It's a fun read, and it's good to see that common-sense legal notions that I've been holding (along with many others around here), like "there's no way in Hell a disposition can take precedence over a definition in the body") are also shared by the judge. And, yeah, Derek, you get the honor of "calling this one" on 2.4. In the footnote, the good judge notes that the plaintiffs brought up 2.4, but states that she can't enter into the matter because the plaintiffs did not move on 2.4 in the complaint. That's what will be in the next amended complaint, and should defendants move to dismiss that amendment, then I don't think we'll wait 8 months for a reply.
The punitive damages don't really matter here.

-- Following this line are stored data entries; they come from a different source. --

(* For any finite quasi-discrete closure model $\mathcal{M}=((X,\mathcal{C}_R),\mathcal{V})$, any SLCS formula $\phi$ and any $x\in X$: $x\in\mathtt{Sat}(\mathcal{M},\phi)$ if and only if $\mathcal{M},x\models\phi$.
   Context: For $R\subseteq X\times X$, $\mathcal{C}_R(A)=A\cup\{x\mid\exists a\in A.(a,x)\in R\}$; a finite quasi-discrete closure model is $((X,\mathcal{C}_R),\mathcal{V})$ with $X$ finite and $\mathcal{V}:AP\to 2^X$. Paths are continuous maps $p:(\mathbb{N},\mathcal{C}_\succ)\to(X,\mathcal{C}_R)$, where $\succ=\{(n,n+1)\}$ and continuity means $p(\mathcal{C}_\succ(S))\subseteq\mathcal{C}_R(p(S))$ for all $S\subseteq\mathbb{N}$. SLCS formulas: $\Phi::=a\mid\top\mid\lnot\Phi\mid\Phi\land\Phi\mid\mathcal{N}\Phi\mid\Phi\,\mathcal{S}\,\Phi\mid\Phi\rightsquigarrow\Phi$. Semantics: $x\models a$ iff $x\in\mathcal{V}(a)$; boolean connectives classically; $x\models\mathcal{N}\phi$ iff $x\in\mathcal{C}_R(\{y\mid y\models\phi\})$; $x\models\phi_1\,\mathcal{S}\,\phi_2$ iff $x\models\phi_1$ and for every path $p$ with $p(0)=x$ and every $l\in\mathbb{N}$, if $p(l)\models\lnot\phi_1$ then some $k$ with $0<k\le l$ has $p(k)\models\phi_2$; $x\models\phi_1\rightsquigarrow\phi_2$ iff $x\models\phi_2$ and there exist $y$, a path $p$ and $l$ with $p(0)=y$, $p(l)=x$, $y\models\phi_1$ and $p(i)\models\phi_2$ for all $0<i<l$. Let $\mathit{pre}(x)=\{y\mid(y,x)\in R\}$, $\mathit{post}(x)=\{y\mid(x,y)\in R\}$. The procedure $\mathtt{Sat}(\mathcal{M},\phi)$ is defined recursively: $\top\mapsto X$; $a\mapsto\mathcal{V}(a)$; $\lnot\phi_1\mapsto X\setminus\mathtt{Sat}(\mathcal{M},\phi_1)$; $\phi_1\land\phi_2\mapsto\mathtt{Sat}(\mathcal{M},\phi_1)\cap\mathtt{Sat}(\mathcal{M},\phi_2)$; $\mathcal{N}\phi_1\mapsto\mathcal{C}_R(\mathtt{Sat}(\mathcal{M},\phi_1))$. For $\phi_1\,\mathcal{S}\,\phi_2$: $V:=\mathtt{Sat}(\mathcal{M},\phi_1)$, $Q:=\mathtt{Sat}(\mathcal{M},\phi_2)$, $T:=\mathcal{C}_R(V\cup Q)\setminus(V\cup Q)$; while $T\neq\emptyset$: $T':=\emptyset$, for each $x\in T$ let $N:=\mathit{pre}(x)\cap V$, set $V:=V\setminus N$, $T':=T'\cup(N\setminus Q)$; then $T:=T'$; return $V$. For $\phi_1\rightsquigarrow\phi_2$: $V:=\mathtt{Sat}(\mathcal{M},\phi_1)$, $Q:=\mathtt{Sat}(\mathcal{M},\phi_2)$, $T:=\mathcal{C}_R(V)\cap Q$, $S:=T$, $Q:=Q\setminus T$; while $T\neq\emptyset$: $T':=\emptyset$, for each $x\in T$ set $T':=T'\cup(Q\cap\mathit{post}(x))$; then $Q:=Q\setminus T'$, $S:=S\cup T'$, $T:=T'$; return $S$. *)

theory Defs
  imports Main "HOL-Library.While_Combinator"
begin

definition closureR :: "('a \<times> 'a) set \<Rightarrow> 'a set \<Rightarrow> 'a set" where
  "closureR R A = A \<union> {x. \<exists>a\<in>A. (a, x) \<in> R}"

definition qdcm :: "'a set \<Rightarrow> ('a \<times> 'a) set \<Rightarrow> ('p \<Rightarrow> 'a set) \<Rightarrow> bool" where
  "qdcm X R V \<longleftrightarrow> finite X \<and> R \<subseteq> X \<times> X \<and> (\<forall>a. V a \<subseteq> X)"

definition succ_rel :: "(nat \<times> nat) set" where
  "succ_rel = {(n, n + 1) | n. True}"

text \<open>Paths: continuous maps (nat, C_succ) \<rightarrow> (X, C_R).\<close>
definition is_path :: "'a set \<Rightarrow> ('a \<times> 'a) set \<Rightarrow> (nat \<Rightarrow> 'a) \<Rightarrow> bool" where
  "is_path X R p \<longleftrightarrow> (\<forall>n. p n \<in> X) \<and>
     (\<forall>S. p ` closureR succ_rel S \<subseteq> closureR R (p ` S))"

datatype 'p slcs =
    Atom 'p
  | Top
  | Neg "'p slcs"
  | And "'p slcs" "'p slcs"
  | Near "'p slcs"
  | Surr "'p slcs" "'p slcs"
  | Reach "'p slcs" "'p slcs"

fun models :: "'a set \<Rightarrow> ('a \<times> 'a) set \<Rightarrow> ('p \<Rightarrow> 'a set) \<Rightarrow> 'a \<Rightarrow> 'p slcs \<Rightarrow> bool" where
  "models X R V x (Atom a) = (x \<in> V a)"
| "models X R V x Top = True"
| "models X R V x (Neg f) = (\<not> models X R V x f)"
| "models X R V x (And f g) = (models X R V x f \<and> models X R V x g)"
| "models X R V x (Near f) = (x \<in> closureR R {y \<in> X. models X R V y f})"
| "models X R V x (Surr f g) = (models X R V x f \<and>
     (\<forall>p l. is_path X R p \<and> p 0 = x \<and> \<not> models X R V (p l) f \<longrightarrow>
        (\<exists>k. 0 < k \<and> k \<le> l \<and> models X R V (p k) g)))"
| "models X R V x (Reach f g) = (models X R V x g \<and>
     (\<exists>y p l. y \<in> X \<and> is_path X R p \<and> p 0 = y \<and> p l = x \<and> models X R V y f \<and>
        (\<forall>i. 0 < i \<and> i < l \<longrightarrow> models X R V (p i) g)))"

definition pre :: "'a set \<Rightarrow> ('a \<times> 'a) set \<Rightarrow> 'a \<Rightarrow> 'a set" where
  "pre X R x = {y \<in> X. (y, x) \<in> R}"

definition post :: "'a set \<Rightarrow> ('a \<times> 'a) set \<Rightarrow> 'a \<Rightarrow> 'a set" where
  "post X R x = {y \<in> X. (x, y) \<in> R}"

text \<open>The "for each x in T" loops iterate over some (arbitrarily chosen) duplicate-free
  enumeration of the finite set T.\<close>
definition enum_set :: "'a set \<Rightarrow> 'a list" where
  "enum_set T = (SOME xs. set xs = T \<and> distinct xs)"

definition surr_inner :: "'a set \<Rightarrow> ('a \<times> 'a) set \<Rightarrow> 'a set \<Rightarrow> 'a \<Rightarrow> 'a set \<times> 'a set \<Rightarrow> 'a set \<times> 'a set" where
  "surr_inner X R Q x st =
     (let (V, T') = st; N = pre X R x \<inter> V in (V - N, T' \<union> (N - Q)))"

definition surr_step :: "'a set \<Rightarrow> ('a \<times> 'a) set \<Rightarrow> 'a set \<Rightarrow> 'a set \<times> 'a set \<Rightarrow> 'a set \<times> 'a set" where
  "surr_step X R Q st =
     (let (V, T) = st; (V', T') = fold (surr_inner X R Q) (enum_set T) (V, {}) in (V', T'))"

definition sat_surr :: "'a set \<Rightarrow> ('a \<times> 'a) set \<Rightarrow> 'a set \<Rightarrow> 'a set \<Rightarrow> 'a set" where
  "sat_surr X R V0 Q =
     fst (while (\<lambda>(V, T). T \<noteq> {}) (surr_step X R Q)
            (V0, closureR R (V0 \<union> Q) - (V0 \<union> Q)))"

definition reach_step :: "'a set \<Rightarrow> ('a \<times> 'a) set \<Rightarrow> 'a set \<times> 'a set \<times> 'a set \<Rightarrow> 'a set \<times> 'a set \<times> 'a set" where
  "reach_step X R st =
     (let (T, Q, S) = st;
          T' = fold (\<lambda>x T'. T' \<union> (Q \<inter> post X R x)) (enum_set T) {}
      in (T', Q - T', S \<union> T'))"

definition sat_reach :: "'a set \<Rightarrow> ('a \<times> 'a) set \<Rightarrow> 'a set \<Rightarrow> 'a set \<Rightarrow> 'a set" where
  "sat_reach X R V0 Q0 =
     (let T = closureR R V0 \<inter> Q0
      in snd (snd (while (\<lambda>(T, Q, S). T \<noteq> {}) (reach_step X R) (T, Q0 - T, T))))"

fun Sat :: "'a set \<Rightarrow> ('a \<times> 'a) set \<Rightarrow> ('p \<Rightarrow> 'a set) \<Rightarrow> 'p slcs \<Rightarrow> 'a set" where
  "Sat X R V Top = X"
| "Sat X R V (Atom a) = V a"
| "Sat X R V (Neg f) = X - Sat X R V f"
| "Sat X R V (And f g) = Sat X R V f \<inter> Sat X R V g"
| "Sat X R V (Near f) = closureR R (Sat X R V f)"
| "Sat X R V (Surr f g) = sat_surr X R (Sat X R V f) (Sat X R V g)"
| "Sat X R V (Reach f g) = sat_reach X R (Sat X R V f) (Sat X R V g)"

end

theory Submission imports Defs begin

The core problem is this: they developed and marketed two games. They didn't do this simply because someone got greedy. They did this for the F42 tax break: SQ42 could be argued British, while SC could not. So they took the tax break; they took loans against the tax break, and they shot a ton of Mocap. Meanwhile, their grand theory was to build one space-engine, and they needed that before they could do most of the design work for SQ42. So they focused on the space-engine, aka SC.
Now, they've got a broken-ass engine, a commitment to the UK government to deliver SQ42 or pay a ton of back taxes, and Crytek comes along with this here lawsuit. It's not disputed that they (pre)sold copies of SC and SQ42 during the period that nobody disputes CryEngine was used. So, even on RSI/CIG/.../'s best-case scenario, they're still on the hook for a few million they don't have.
Throw in discovery, and throw in the towel.